The rest of America, however, is on a roll. The Hastings’ neighborhood was changing weekly. The entire block of 48th Street was being redone – the Porters were adding a sunporch; the Pinkertons a third floor; the Lovellis a rose garden; and the Levins a new, three-car garage. Old 100 year-old sycamores were coming down, privet hedges cut and replaced by all-weather fences, front doorways protected by Venetian cupolas, and front lawns reseeded and replanted with faux-tropical reeds and evergreens.
The block had been around for 75 years with no one giving a second thought to change. There was something important about permanence, even though it meant some measure of inconvenience. The older residents of the block knew quite well that higher-up cabinets would eliminate awkward stoop; that bigger, more ergonomically designed refrigerators would make reaching for the milk in the back a lot easier; and that cutting down the oak tree would let in more light and give the bulbs a better chance of flourishing. Yet they resisted change, not because they were ignorant, stubborn, or simply old; but because it simply wasn’t worth it. What did one ever really gain from changing anything?
“If it weren’t for me”, Marge Hastings said to her husband, “you would die in your traces”, plowing the same furrow he had for decades, never looking up or around. Only she, with her outward personality, positivism, and can-do practicality, could make their life together sustainable if not exactly happy.
Her husband had heard this before, and the older he became, the more deaf he became to her entreaties. There is one thing the settled have going for them – inertia – and it was simply too difficult for Marge Hastings to get her husband to the National Gallery let alone Greece or Turkey for her to persist. He had to do nothing - lie on the couch with a book, prepare his lecture notes, take a nap, or watch a movie – and the battle was won.
His wife never got the picture, and there was always something going on in the house – retiling the patio, trimming the boxwoods, repointing the chimney, new lamps for the den – but he accepted these inconveniences as points in the marriage contract; never contested, just ignored.
Italians had the right idea, Mr.
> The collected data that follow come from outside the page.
lemma component_verts_edge_split:
  assumes G: "hypergraph G" and C: "component_verts G C" and f: "f \<in> edges G"
  shows "f \<subseteq> C \<or> f \<inter> C = {}"
proof (rule disjCI)
  assume "f \<inter> C \<noteq> {}"
  then obtain x where x: "x \<in> f" "x \<in> C" by blast
  obtain v where C_def: "C = {u \<in> verts G. joined G v u}"
    using C by (auto simp: component_verts_def)
  obtain vs es where p: "is_path G vs es" "hd vs = v" "last vs = x"
    using x C_def by (auto simp: joined_def)
  have "x \<in> set vs" using p by (auto simp: is_path_def intro: last_in_set)
  moreover have "f \<subseteq> verts G" using G f by (auto simp: hypergraph_def)
  ultimately show "f \<subseteq> C"
    using joined_via_edge[OF p(1) _ x(1) f] p(2) C_def by auto
qed

lemma finite_vertex_cut_cards:
  assumes "hypergraph G"
  shows "finite {card X | X. vertex_cut G X}"
proof -
  have "{card X | X. vertex_cut G X} \<subseteq> card ` Pow (verts G)"
    by (auto simp: vertex_cut_def)
  then show ?thesis using assms by (meson hypergraph_def finite_Pow_iff finite_imageI finite_subset)
qed

lemma kappa_le_card_vertex_cut:
  assumes "hypergraph G" "vertex_cut G X"
  shows "kappa G \<le> card X"
  using assms finite_vertex_cut_cards[OF assms(1)] by (auto simp: kappa_def intro: Min_le)

lemma kappa_eq_card_min_vertex_cut:
  assumes "hypergraph G" "min_vertex_cut G S"
  shows "kappa G = card S"
  using assms finite_vertex_cut_cards[OF assms(1)]
  by (auto simp: kappa_def min_vertex_cut_def intro!: Min_eqI)
theorem proposition4p2:
  fixes G Q P :: "('i::finite) dfun"
    and RQ RP Sop W :: "'i dop"
  assumes "difffun G" and "difffun Q" and "difffun P"
    and "is_dop RQ" and "is_dop RP"
    and adjsym: "adjapply (frechet_op G) Q = applyop RQ G"
    and nonmult: "euler (\<lambda>z. Q z * G z) \<noteq> (\<lambda>z. 0)"
    and sym: "frechet G P = applyop RP G"
    and S_def: "is_dop Sop"
      "\<forall>B. difffun B \<longrightarrow> applyop Sop B = (\<lambda>z. adjapply RQ B z + frechet Q B z)"
    and W_def: "is_dop W" "\<forall>B. difffun B \<longrightarrow> applyop W B = adjapply Sop B"
  shows "euler (\<lambda>z. applyop Sop P z * G z) = (\<lambda>z. 0) \<longleftrightarrow>
         (\<lambda>z. applyop (\<lambda>J. frechet (W J) P) G z + applyop W (applyop RP G) z
              + adjapply (frechet_op P) (applyop W G) z) = (\<lambda>z. 0)"
proof -
  note G = assms(1) and Q = assms(2) and P = assms(3)
  define E where "E = applyop W G"
  have E: "difffun E" "E = adjapply Sop G"
    unfolding E_def using difffun_applyop[OF W_def(1) G] W_def(2) G by auto
  have E_euler: "E = euler (\<lambda>z. Q z * G z)"
    using adjapply_eq_euler_of_adjoint_symmetry[OF G Q assms(4) S_def(1) adjsym] S_def(2) E(2) by simp
  have "euler (\<lambda>z. applyop Sop P z * G z) = euler (\<lambda>z. E z * P z)"
  proof (rule euler_eq_if_divergence_diff)
    show "divergence (\<lambda>z. applyop Sop P z * G z - E z * P z)"
      using divergence_adjoint_by_parts[OF S_def(1) G P] by (rule divergence_cong) (simp add: E(2) mult_ac)
  qed (use S_def(1) G E P in auto)
  also have "\<dots> = (\<lambda>z. frechet E P z + adjapply (frechet_op P) E z)"
    using euler_mult[OF E(1) P] frechet_euler_self_adjoint[OF difffun_mult[OF Q G] P] E_euler by simp
  also have "\<dots> = (\<lambda>z. applyop (\<lambda>J. frechet (W J) P) G z + applyop W (applyop RP G) z
              + adjapply (frechet_op P) (applyop W G) z)"
    using frechet_applyop[OF W_def(1) G P] sym by (simp add: E_def)
  finally show ?thesis by simp
qed
lemma bij_betw_permute_list:
  assumes \<sigma>: "\<sigma> permutes {..<length L}"
    and closed: "\<And>\<sigma> L C. \<sigma> permutes {..<length L} \<Longrightarrow> C \<in> F L \<Longrightarrow> permute_list \<sigma> C \<in> F (permute_list \<sigma> L)"
    and len: "\<And>L C. C \<in> F L \<Longrightarrow> length C = length L"
  shows "bij_betw (permute_list \<sigma>) (F L) (F (permute_list \<sigma> L))"
proof (rule bij_betw_byWitness[where f' = "permute_list (inv \<sigma>)"])
  have \<sigma>': "inv \<sigma> permutes {..<length (permute_list \<sigma> L)}"
    using permutes_inv[OF \<sigma>] by simp
  show "\<forall>C\<in>F L. permute_list (inv \<sigma>) (permute_list \<sigma> C) = C"
    using permute_list_inv_cancel \<sigma> len by metis
  show "\<forall>C\<in>F (permute_list \<sigma> L). permute_list \<sigma> (permute_list (inv \<sigma>) C) = C"
    using permute_list_cancel_inv \<sigma> len by (metis length_permute_list)
  show "permute_list \<sigma> ` F L \<subseteq> F (permute_list \<sigma> L)"
    using closed[OF \<sigma>] by blast
  show "permute_list (inv \<sigma>) ` F (permute_list \<sigma> L) \<subseteq> F L"
    using closed[OF \<sigma>'] permute_list_inv_cancel[OF \<sigma>] by fastforce
qed

lemma concat_map_nth_permute_list:
  assumes "\<sigma> permutes {..<length C}" "set is \<subseteq> {..<length C}"
  shows "concat (map ((!) (permute_list \<sigma> C)) is) = concat (map ((!) C) (map \<sigma> is))"
  using assms by (simp add: permute_list_nth subset_iff cong: map_cong)

lemma is_code_permute_list:
  assumes \<sigma>: "\<sigma> permutes {..<length C}" and code: "is_code C"
  shows "is_code (permute_list \<sigma> C)"
  unfolding is_code_def
proof (intro allI impI)
  fix "is" js
  assume "is \<noteq> []" "js \<noteq> []" and range: "set is \<subseteq> {..<length (permute_list \<sigma> C)}"
    "set js \<subseteq> {..<length (permute_list \<sigma> C)}"
    and eq: "concat (map ((!) (permute_list \<sigma> C)) is) = concat (map ((!) (permute_list \<sigma> C)) js)"
  have "set (map \<sigma> ks) \<subseteq> {..<length C}" if "set ks \<subseteq> {..<length C}" for ks
    using that permutes_in_image[OF \<sigma>] by auto
  then have "map \<sigma> is = map \<sigma> js"
    using code[unfolded is_code_def, rule_format, of "map \<sigma> is" "map \<sigma> js"]
      \<open>is \<noteq> []\<close> \<open>js \<noteq> []\<close> range eq concat_map_nth_permute_list[OF \<sigma>] by simp
  then show "is = js"
    using permutes_inj[OF \<sigma>] by (simp add: inj_map_eq_map)
qed

lemma is_prefix_code_permute_list:
  assumes \<sigma>: "\<sigma> permutes {..<length C}" and pc: "is_prefix_code C"
  shows "is_prefix_code (permute_list \<sigma> C)"
  unfolding is_prefix_code_def
proof (intro allI impI)
  fix i j
  assume "i < length (permute_list \<sigma> C)" "j < length (permute_list \<sigma> C)"
  moreover from this have "\<sigma> i < length C" "\<sigma> j < length C"
    using permutes_in_image[OF \<sigma>] by simp_all
  ultimately show "prefix (permute_list \<sigma> C ! i) (permute_list \<sigma> C ! j) \<longleftrightarrow> i = j"
    using pc permutes_inj[OF \<sigma>]
    by (simp add: is_prefix_code_def permute_list_nth[OF \<sigma>] inj_eq)
qed

lemma permute_list_in_UD:
  assumes \<sigma>: "\<sigma> permutes {..<length L}" and C: "C \<in> UD n L"
  shows "permute_list \<sigma> C \<in> UD n (permute_list \<sigma> L)"
proof -
  have len: "length C = length L" using C by (simp add: UD_def)
  then have "is_code (permute_list \<sigma> C)"
    using is_code_permute_list \<sigma> C by (simp add: UD_def)
  then show ?thesis
    using C \<sigma> len permutes_in_image[OF \<sigma>] by (auto simp: UD_def permute_list_nth)
qed

lemma permute_list_in_PR:
  assumes \<sigma>: "\<sigma> permutes {..<length L}" and C: "C \<in> PR n L"
  shows "permute_list \<sigma> C \<in> PR n (permute_list \<sigma> L)"
proof -
  have "C \<in> UD n L" "is_prefix_code C" and "length C = length L"
    using C by (simp_all add: PR_def UD_def)
  then show ?thesis
    using permute_list_in_UD[OF \<sigma>] is_prefix_code_permute_list \<sigma> by (simp add: PR_def)
qed

lemma rho_permute_list:
  assumes "\<sigma> permutes {..<length L}"
  shows "rho n (permute_list \<sigma> L) = rho n L"
    and "UD n (permute_list \<sigma> L) = {} \<longleftrightarrow> UD n L = {}"
proof -
  have UD: "bij_betw (permute_list \<sigma>) (UD n L) (UD n (permute_list \<sigma> L))"
    using assms permute_list_in_UD by (rule bij_betw_permute_list) (auto simp: UD_def)
  have PR: "bij_betw (permute_list \<sigma>) (PR n L) (PR n (permute_list \<sigma> L))"
    using assms permute_list_in_PR by (rule bij_betw_permute_list) (auto simp: PR_def UD_def)
  show "rho n (permute_list \<sigma> L) = rho n L"
    using bij_betw_same_card[OF UD] bij_betw_same_card[OF PR] by (simp add: rho_def)
  show "UD n (permute_list \<sigma> L) = {} \<longleftrightarrow> UD n L = {}"
    using UD by (auto simp: bij_betw_def)
qed

section \<open>Codes of three words\<close>

lemma card_eq_card_triples:
  assumes "\<And>xs. xs \<in> S \<Longrightarrow> length xs = 3"
  shows "card S = card {(x, y, z). [x, y, z] \<in> S}"
proof -
  have "bij_betw (\<lambda>(x, y, z). [x, y, z]) {(x, y, z). [x, y, z] \<in> S} S"
  proof (rule bij_betw_imageI)
    show "inj_on (\<lambda>(x, y, z). [x, y, z]) {(x, y, z). [x, y, z] \<in> S}"
      by (auto simp: inj_on_def)
    have "xs \<in> (\<lambda>(x, y, z). [x, y, z]) ` {(x, y, z). [x, y, z] \<in> S}" if "xs \<in> S" for xs
      using that assms[OF that] by (auto simp: numeral_3_eq_3 length_Suc_conv image_iff)
    then show "(\<lambda>(x, y, z). [x, y, z]) ` {(x, y, z). [x, y, z] \<in> S} = S" by auto
  qed
  then show ?thesis by (simp add: bij_betw_same_card)
qed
Hastings often thought. Modern Italians live in old 16th century townhouses, negotiate streets blocked with Roman ruins, and never once think of bulldozing anything. Change is suspect not embraced a priori. Prove, demonstrate beyond a reasonable doubt that X has to go, then maybe.
Both Hastings lived to a ripe old age, and despite his obstinacy and insistence on immobility as a way to enlightenment, he found that he wasn’t schmart and he was very, very old. She, despite her insistent and lifelong dissatisfaction with what is and her perennial desire to make things over, realized that this too made no real difference to anything in the end.
A happy couple? Not exactly; but compared to what and to whom? Longevity counts for something; and if two people so remarkably and dramatically different in outlook could stay together, marriage might have something to say for it.